[Stored items]

(* Let $p$ be a prime and let $f:\mathbb{Z}_p\times\mathbb{Z}_p\to\mathbb{Z}_p$ be additively inseparable. Then for all $n,m\ge1$ and every function $F:\mathbb{Z}_p^n\times\mathbb{Z}_p^m\to\mathbb{Z}_p$ there is a protocol with the following properties. Alice, holding $\vec x\in\mathbb{Z}_p^n$, and Bob, holding $\vec y\in\mathbb{Z}_p^m$, share finitely many copies of $P^f$ and shared randomness, and do not communicate. On every input, Alice outputs $a$ and Bob outputs $b$ with $a-b=F(\vec x,\vec y)$ with probability $1$. Consequently, given access to copies of $P^f$, Bob can compute $F(\vec x,\vec y)$ with certainty after Alice sends him a single element of $\mathbb{Z}_p$. Thus the deterministic communication complexity of every such $F$ becomes trivial.
   Context: Let $p$ be a prime. All arithmetic on elements of $\mathbb{Z}_p$ is modulo $p$. A box is a conditional probability distribution $P(a,b\mid x,y)$ with $a,b,x,y\in\mathbb{Z}_p$. It is shared by Alice, who supplies $x$ and receives $a$, and Bob, who supplies $y$ and receives $b$. Different copies act independently. For $f:\mathbb{Z}_p\times\mathbb{Z}_p\to\mathbb{Z}_p$, the functional box is $P^f(a,b\mid x,y)=1/p$ if $a-b=f(x,y)$, and $0$ otherwise. A function $f$ is additively separable if $f(x,y)=g(x)+h(y)$ for some $g,h:\mathbb{Z}_p\to\mathbb{Z}_p$. Otherwise it is additively inseparable. In a protocol, each party's inputs to the box copies may depend on their own input, the shared randomness, and their own previously obtained box outputs. *)

theory Defs
  imports "HOL-Probability.Probability" "HOL-Number_Theory.Cong"
begin

text \<open>Elements of Z_p are represented by integers; all comparisons are modulo p.
  Box inputs are reduced modulo p, box outputs lie in {0..<p}.\<close>

definition additively_separable :: "nat \<Rightarrow> (int \<Rightarrow> int \<Rightarrow> int) \<Rightarrow> bool" where
  "additively_separable p f \<longleftrightarrow>
     (\<exists>g h :: int \<Rightarrow> int. \<forall>x\<in>{0..<int p}. \<forall>y\<in>{0..<int p}.
        [f x y = g x + h y] (mod int p))"

text \<open>One use of a copy of the functional box P^f on inputs x, y:
  a is uniform on Z_p and b = a - f(x,y), i.e. P(a,b|x,y) = 1/p iff a - b = f(x,y).\<close>
definition functional_box :: "nat \<Rightarrow> (int \<Rightarrow> int \<Rightarrow> int) \<Rightarrow> int \<Rightarrow> int \<Rightarrow> (int \<times> int) pmf" where
  "functional_box p f x y =
     map_pmf (\<lambda>a. (a, (a - f (x mod int p) (y mod int p)) mod int p)) (pmf_of_set {0..<int p})"

text \<open>Alice's input to the next copy depends on
  her input xs, the shared randomness r and her previous box outputs; likewise for Bob.\<close>
fun run_boxes ::
  "nat \<Rightarrow> (int \<Rightarrow> int \<Rightarrow> int)
   \<Rightarrow> (int list \<Rightarrow> nat \<Rightarrow> int list \<Rightarrow> int) \<Rightarrow> (int list \<Rightarrow> nat \<Rightarrow> int list \<Rightarrow> int)
   \<Rightarrow> int list \<Rightarrow> int list \<Rightarrow> nat \<Rightarrow> nat \<Rightarrow> (int list \<times> int list) pmf" where
  "run_boxes p f inA inB xs ys r 0 = return_pmf ([], [])"
| "run_boxes p f inA inB xs ys r (Suc j) =
     bind_pmf (run_boxes p f inA inB xs ys r j) (\<lambda>(as, bs).
       map_pmf (\<lambda>(a, b). (as @ [a], bs @ [b]))
         (functional_box p f (inA xs r as) (inB ys r bs)))"

definition protocol_outcome ::
  "nat \<Rightarrow> (int \<Rightarrow> int \<Rightarrow> int) \<Rightarrow> nat \<Rightarrow> nat pmf
   \<Rightarrow> (int list \<Rightarrow> nat \<Rightarrow> int list \<Rightarrow> int) \<Rightarrow> (int list \<Rightarrow> nat \<Rightarrow> int list \<Rightarrow> int)
   \<Rightarrow> (int list \<Rightarrow> nat \<Rightarrow> int list \<Rightarrow> int) \<Rightarrow> (int list \<Rightarrow> nat \<Rightarrow> int list \<Rightarrow> int)
   \<Rightarrow> int list \<Rightarrow> int list \<Rightarrow> (int \<times> int) pmf" where
  "protocol_outcome p f k R inA inB outA outB xs ys =
     bind_pmf R (\<lambda>r. map_pmf (\<lambda>(as, bs). (outA xs r as, outB ys r bs))
                              (run_boxes p f inA inB xs ys r k))"

definition Zp_vectors :: "nat \<Rightarrow> nat \<Rightarrow> int list set" where
  "Zp_vectors p n = {v. length v = n \<and> set v \<subseteq> {0..<int p}}"

end

theory Submission
  imports Defs
begin

(* Inseparability of f yields x1, y1 whose "mixed difference"
     D = f x1 y1 - f x1 0 - f 0 y1 + f 0 0
   is nonzero mod p.  Restricted to the square {0,x1} x {0,y1}, f is affine plus
   u*v*D (u, v the 0/1 indicators of the inputs), so after local affine corrections
   each box copy produces an additive sharing of u*v*D, i.e. a nonlocal AND.
   The protocol enumerates all input pairs (x_i, y_i) as a list L and uses one box copy
   per entry: Alice inputs x1 iff her input is x_i, Bob inputs y1 iff his input is y_i.
   Exactly one copy sees both indicators equal to 1, so a linear combination of the
   corrected outputs with coefficients F(x_i, y_i) * D^(-1) is a sharing of F(xs, ys). *)

lemma run_boxes_correlation:
  "\<forall>(as, bs)\<in>set_pmf (run_boxes p f inA inB xs ys r k).
     length as = k \<and> length bs = k \<and>
     (\<forall>i<k. [as!i - bs!i = f (inA xs r (take i as) mod int p) (inB ys r (take i bs) mod int p)]
              (mod int p))"
proof (induction k)
  case 0
  then show ?case by simp
next
  case (Suc k)
  show ?case
  proof (clarsimp simp del: run_boxes.simps)
    fix as' bs'
    assume "(as', bs') \<in> set_pmf (run_boxes p f inA inB xs ys r (Suc k))"
    then obtain as bs a where prev: "(as, bs) \<in> set_pmf (run_boxes p f inA inB xs ys r k)"
      and as': "as' = as @ [a]"
      and bs': "bs' = bs @ [(a - f (inA xs r as mod int p) (inB ys r bs mod int p)) mod int p]"
      by (auto simp: functional_box_def)
    from Suc.IH prev have len: "length as = k" "length bs = k"
      and old: "\<forall>i<k. [as!i - bs!i = f (inA xs r (take i as) mod int p)
                                       (inB ys r (take i bs) mod int p)] (mod int p)"
      by auto
    have new: "[a - (a - t) mod int p = t] (mod int p)" for t :: int
      by (simp add: cong_def mod_diff_right_eq)
    show "length as' = Suc k \<and> length bs' = Suc k \<and>
      (\<forall>i<Suc k. [as' ! i - bs' ! i = f (inA xs r (take i as') mod int p)
                                        (inB ys r (take i bs') mod int p)] (mod int p))"
      using old new len by (auto simp: as' bs' nth_append less_Suc_eq)
  qed
qed

lemma protocol_prob_one:
  assumes "\<And>r as bs. r \<in> set_pmf R \<Longrightarrow> (as, bs) \<in> set_pmf (run_boxes p f inA inB xs ys r k)
             \<Longrightarrow> Q (outA xs r as) (outB ys r bs)"
  shows "measure_pmf.prob (protocol_outcome p f k R inA inB outA outB xs ys)
           {(a, b). Q a b} = 1"
  unfolding protocol_outcome_def
  by (subst measure_pmf.prob_eq_1) (auto simp: AE_measure_pmf_iff assms)

text \<open>If f is not additively separable, the candidate decomposition
  g x = f x 0, h y = f 0 y - f 0 0 fails somewhere, i.e. some mixed difference is
  nonzero modulo p.\<close>
lemma inseparable_witness:
  assumes "\<not> additively_separable p f"
  obtains x1 y1 where "x1 \<in> {0..<int p}" "y1 \<in> {0..<int p}"
    and "\<not> int p dvd f x1 y1 - f x1 0 - f 0 y1 + f 0 0"
proof -
  have "\<not> (\<forall>x\<in>{0..<int p}. \<forall>y\<in>{0..<int p}. [f x y = f x 0 + (f 0 y - f 0 0)] (mod int p))"
    using assms unfolding additively_separable_def
    by (rule contrapos_nn) (rule exI[of _ "\<lambda>x. f x 0"], rule exI[of _ "\<lambda>y. f 0 y - f 0 0"])
  then obtain x1 y1 where "x1 \<in> {0..<int p}" "y1 \<in> {0..<int p}"
    and "\<not> [f x1 y1 = f x1 0 + (f 0 y1 - f 0 0)] (mod int p)"
    by blast
  with that show ?thesis
    by (simp add: cong_iff_dvd_diff algebra_simps)
qed

lemma square_decomposition:
  assumes "x1 \<in> {0..<int p}" "y1 \<in> {0..<int p}" and "u \<in> {0, 1}" "v \<in> {0, 1}"
  shows "[f (u * x1 mod int p) (v * y1 mod int p)
          = f 0 0 + u * (f x1 0 - f 0 0) + v * (f 0 y1 - f 0 0)
            + u * v * (f x1 y1 - f x1 0 - f 0 y1 + f 0 0)] (mod int p)"
  using assms by (auto simp: cong_def)

text \<open>The list L enumerates input pairs; copy i of the box is devoted to the pair L!i.\<close>
definition tt_inA :: "int \<Rightarrow> ('x \<times> 'y) list \<Rightarrow> 'x \<Rightarrow> nat \<Rightarrow> int list \<Rightarrow> int" where
  "tt_inA x1 L xs r as = of_bool (fst (L ! length as) = xs) * x1"

definition tt_inB :: "int \<Rightarrow> ('x \<times> 'y) list \<Rightarrow> 'y \<Rightarrow> nat \<Rightarrow> int list \<Rightarrow> int" where
  "tt_inB y1 L ys r bs = of_bool (snd (L ! length bs) = ys) * y1"

text \<open>The outputs remove the affine part of each box difference and combine the
  resulting AND sharings with coefficients c.\<close>
definition tt_outA ::
  "(int \<Rightarrow> int \<Rightarrow> int) \<Rightarrow> int \<Rightarrow> (nat \<Rightarrow> int) \<Rightarrow> ('x \<times> 'y) list \<Rightarrow> 'x \<Rightarrow> nat \<Rightarrow> int list \<Rightarrow> int"
  where "tt_outA f x1 c L xs r as =
    (\<Sum>i<length L. c i * (as!i - f 0 0 - of_bool (fst (L!i) = xs) * (f x1 0 - f 0 0)))"

definition tt_outB ::
  "(int \<Rightarrow> int \<Rightarrow> int) \<Rightarrow> int \<Rightarrow> (nat \<Rightarrow> int) \<Rightarrow> ('x \<times> 'y) list \<Rightarrow> 'y \<Rightarrow> nat \<Rightarrow> int list \<Rightarrow> int"
  where "tt_outB f y1 c L ys r bs =
    (\<Sum>i<length L. c i * (bs!i + of_bool (snd (L!i) = ys) * (f 0 y1 - f 0 0)))"

lemma sum_select_distinct:
  fixes g :: "nat \<Rightarrow> 'b :: comm_ring_1"
  assumes "distinct L" "j < length L"
  shows "(\<Sum>i<length L. of_bool (L!i = L!j) * g i) = g j"
proof -
  have "(\<Sum>i<length L. of_bool (L!i = L!j) * g i) = (\<Sum>i<length L. if i = j then g i else 0)"
    using assms by (intro sum.cong) (auto simp: nth_eq_iff_index_eq)
  also have "\<dots> = g j"
    using assms(2) by simp
  finally show ?thesis .
qed

lemma truth_table_outputs:
  assumes x1: "x1 \<in> {0..<int p}" and y1: "y1 \<in> {0..<int p}"
    and L: "distinct L" "j < length L" "L ! j = (xs, ys)"
    and run: "(as, bs) \<in> set_pmf (run_boxes p f (tt_inA x1 L) (tt_inB y1 L) xs ys r (length L))"
  shows "[tt_outA f x1 c L xs r as - tt_outB f y1 c L ys r bs
          = c j * (f x1 y1 - f x1 0 - f 0 y1 + f 0 0)] (mod int p)"
proof -
  define D where "D = f x1 y1 - f x1 0 - f 0 y1 + f 0 0"
  define u where "u i = (of_bool (fst (L!i) = xs) :: int)" for i
  define v where "v i = (of_bool (snd (L!i) = ys) :: int)" for i
  define k where "k = length L"
  from run_boxes_correlation[of p f "tt_inA x1 L" "tt_inB y1 L" xs ys r k] run
  have len: "length as = k" "length bs = k"
    and box: "\<forall>i<k. [as!i - bs!i = f (tt_inA x1 L xs r (take i as) mod int p)
                                    (tt_inB y1 L ys r (take i bs) mod int p)] (mod int p)"
    by (auto simp: k_def)
  have and_share: "[(as!i - f 0 0 - u i * (f x1 0 - f 0 0)) - (bs!i + v i * (f 0 y1 - f 0 0))
                    = u i * v i * D] (mod int p)" if "i < k" for i
  proof -
    have "[as!i - bs!i = f (u i * x1 mod int p) (v i * y1 mod int p)] (mod int p)"
      using box that len by (simp add: tt_inA_def tt_inB_def u_def v_def min_def)
    also have "[f (u i * x1 mod int p) (v i * y1 mod int p)
                = f 0 0 + u i * (f x1 0 - f 0 0) + v i * (f 0 y1 - f 0 0) + u i * v i * D]
                (mod int p)"
      unfolding D_def by (rule square_decomposition) (use x1 y1 in \<open>auto simp: u_def v_def\<close>)
    finally show ?thesis
      by (simp add: cong_iff_dvd_diff algebra_simps)
  qed
  have "tt_outA f x1 c L xs r as - tt_outB f y1 c L ys r bs
        = (\<Sum>i<k. c i * ((as!i - f 0 0 - u i * (f x1 0 - f 0 0)) - (bs!i + v i * (f 0 y1 - f 0 0))))"
    unfolding tt_outA_def tt_outB_def u_def v_def k_def sum_subtractf[symmetric]
    by (simp add: algebra_simps)
  also have "[\<dots> = (\<Sum>i<k. of_bool (L!i = L!j) * (c i * D))] (mod int p)"
  proof (rule cong_sum)
    fix i assume "i \<in> {..<k}"
    moreover have "u i * v i = of_bool (L!i = L!j)"
      using L(3) by (cases "L!i") (simp add: u_def v_def)
    ultimately show "[c i * ((as!i - f 0 0 - u i * (f x1 0 - f 0 0)) - (bs!i + v i * (f 0 y1 - f 0 0)))
                      = of_bool (L!i = L!j) * (c i * D)] (mod int p)"
      using cong_scalar_left[OF and_share, of i "c i"] by (simp add: algebra_simps)
  qed
  also have "(\<Sum>i<k. of_bool (L!i = L!j) * (c i * D)) = c j * D"
    unfolding k_def by (rule sum_select_distinct[OF L(1,2)])
  finally show ?thesis
    by (simp add: D_def)
qed

lemma inverse_mod_prime:
  assumes "prime p" "\<not> int p dvd d"
  obtains e where "[d * e = 1] (mod int p)"
proof -
  have "coprime d (int p)"
    using assms by (meson prime_nat_int_transfer prime_imp_coprime coprime_commute)
  with that show ?thesis
    using cong_solve_coprime_int by blast
qed

lemma finite_Zp_vectors: "finite (Zp_vectors p n)"
  unfolding Zp_vectors_def
  using finite_lists_length_eq[OF finite_atLeastLessThan_int] by (simp add: conj_commute)

text \<open>Every function F is computed with certainty: the coefficient of the copy devoted
  to the pair (xs, ys) is F xs ys times an inverse of D modulo p.\<close>
theorem theorem1:
  fixes p :: nat and f :: "int \<Rightarrow> int \<Rightarrow> int" and n m :: nat
    and F :: "int list \<Rightarrow> int list \<Rightarrow> int"
  assumes "prime p"
    and "\<not> additively_separable p f"
    and "n \<ge> 1" and "m \<ge> 1"
  shows "\<exists>(k::nat) (R::nat pmf) inA inB outA outB.
           \<forall>xs\<in>Zp_vectors p n. \<forall>ys\<in>Zp_vectors p m.
             measure_pmf.prob (protocol_outcome p f k R inA inB outA outB xs ys)
               {(a, b). [a - b = F xs ys] (mod int p)} = 1"
proof -
  obtain x1 y1 where x1: "x1 \<in> {0..<int p}" and y1: "y1 \<in> {0..<int p}"
    and D: "\<not> int p dvd f x1 y1 - f x1 0 - f 0 y1 + f 0 0"
    using inseparable_witness[OF assms(2)] .
  obtain e where e: "[(f x1 y1 - f x1 0 - f 0 y1 + f 0 0) * e = 1] (mod int p)"
    using inverse_mod_prime[OF assms(1) D] .
  obtain L where L: "set L = Zp_vectors p n \<times> Zp_vectors p m" "distinct L"
    using finite_distinct_list finite_Zp_vectors finite_SigmaI by metis
  define c where "c i = e * F (fst (L!i)) (snd (L!i))" for i
  show ?thesis
  proof (intro exI ballI)
    fix xs ys assume "xs \<in> Zp_vectors p n" "ys \<in> Zp_vectors p m"
    then obtain j where j: "j < length L" "L ! j = (xs, ys)"
      using L(1) by (metis SigmaI in_set_conv_nth)
    have coeff: "[c j * (f x1 y1 - f x1 0 - f 0 y1 + f 0 0) = F xs ys] (mod int p)"
      using cong_scalar_left[OF e, of "F xs ys"] j(2) by (simp add: c_def algebra_simps)
    show "measure_pmf.prob (protocol_outcome p f (length L) (return_pmf 0)
                 (tt_inA x1 L) (tt_inB y1 L) (tt_outA f x1 c L) (tt_outB f y1 c L) xs ys)
               {(a, b). [a - b = F xs ys] (mod int p)} = 1"
    proof (rule protocol_prob_one)
      fix r as bs
      assume "r \<in> set_pmf (return_pmf (0::nat))"
        and "(as, bs) \<in> set_pmf (run_boxes p f (tt_inA x1 L) (tt_inB y1 L) xs ys r (length L))"
      from truth_table_outputs[OF x1 y1 L(2) j this(2), of c]
      show "[tt_outA f x1 c L xs r as - tt_outB f y1 c L ys r bs = F xs ys] (mod int p)"
        using coeff by (rule cong_trans)
    qed
  qed
qed

end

WHAT YOU SHOULD DO: Each line above with the word "assumes" needs to be copied.

EXERCISE RESULT:
  assumes "\<And>r as bs. r \<in> set_pmf R \<Longrightarrow> (as, bs) \<in> set_pmf (run_boxes p f inA inB xs ys r k)
  assumes "\<not> additively_separable p f"
  assumes "x1 \<in> {0..<int p}" "y1 \<in> {0..<int p}" and "u \<in> {0, 1}" "v \<in> {0, 1}"
  assumes "distinct L" "j < length L"
  assumes x1: "x1 \<in> {0..<int p}" and y1: "y1 \<in> {0..<int p}"
  assumes "prime p" "\<not> int p dvd d"
  assumes "prime p"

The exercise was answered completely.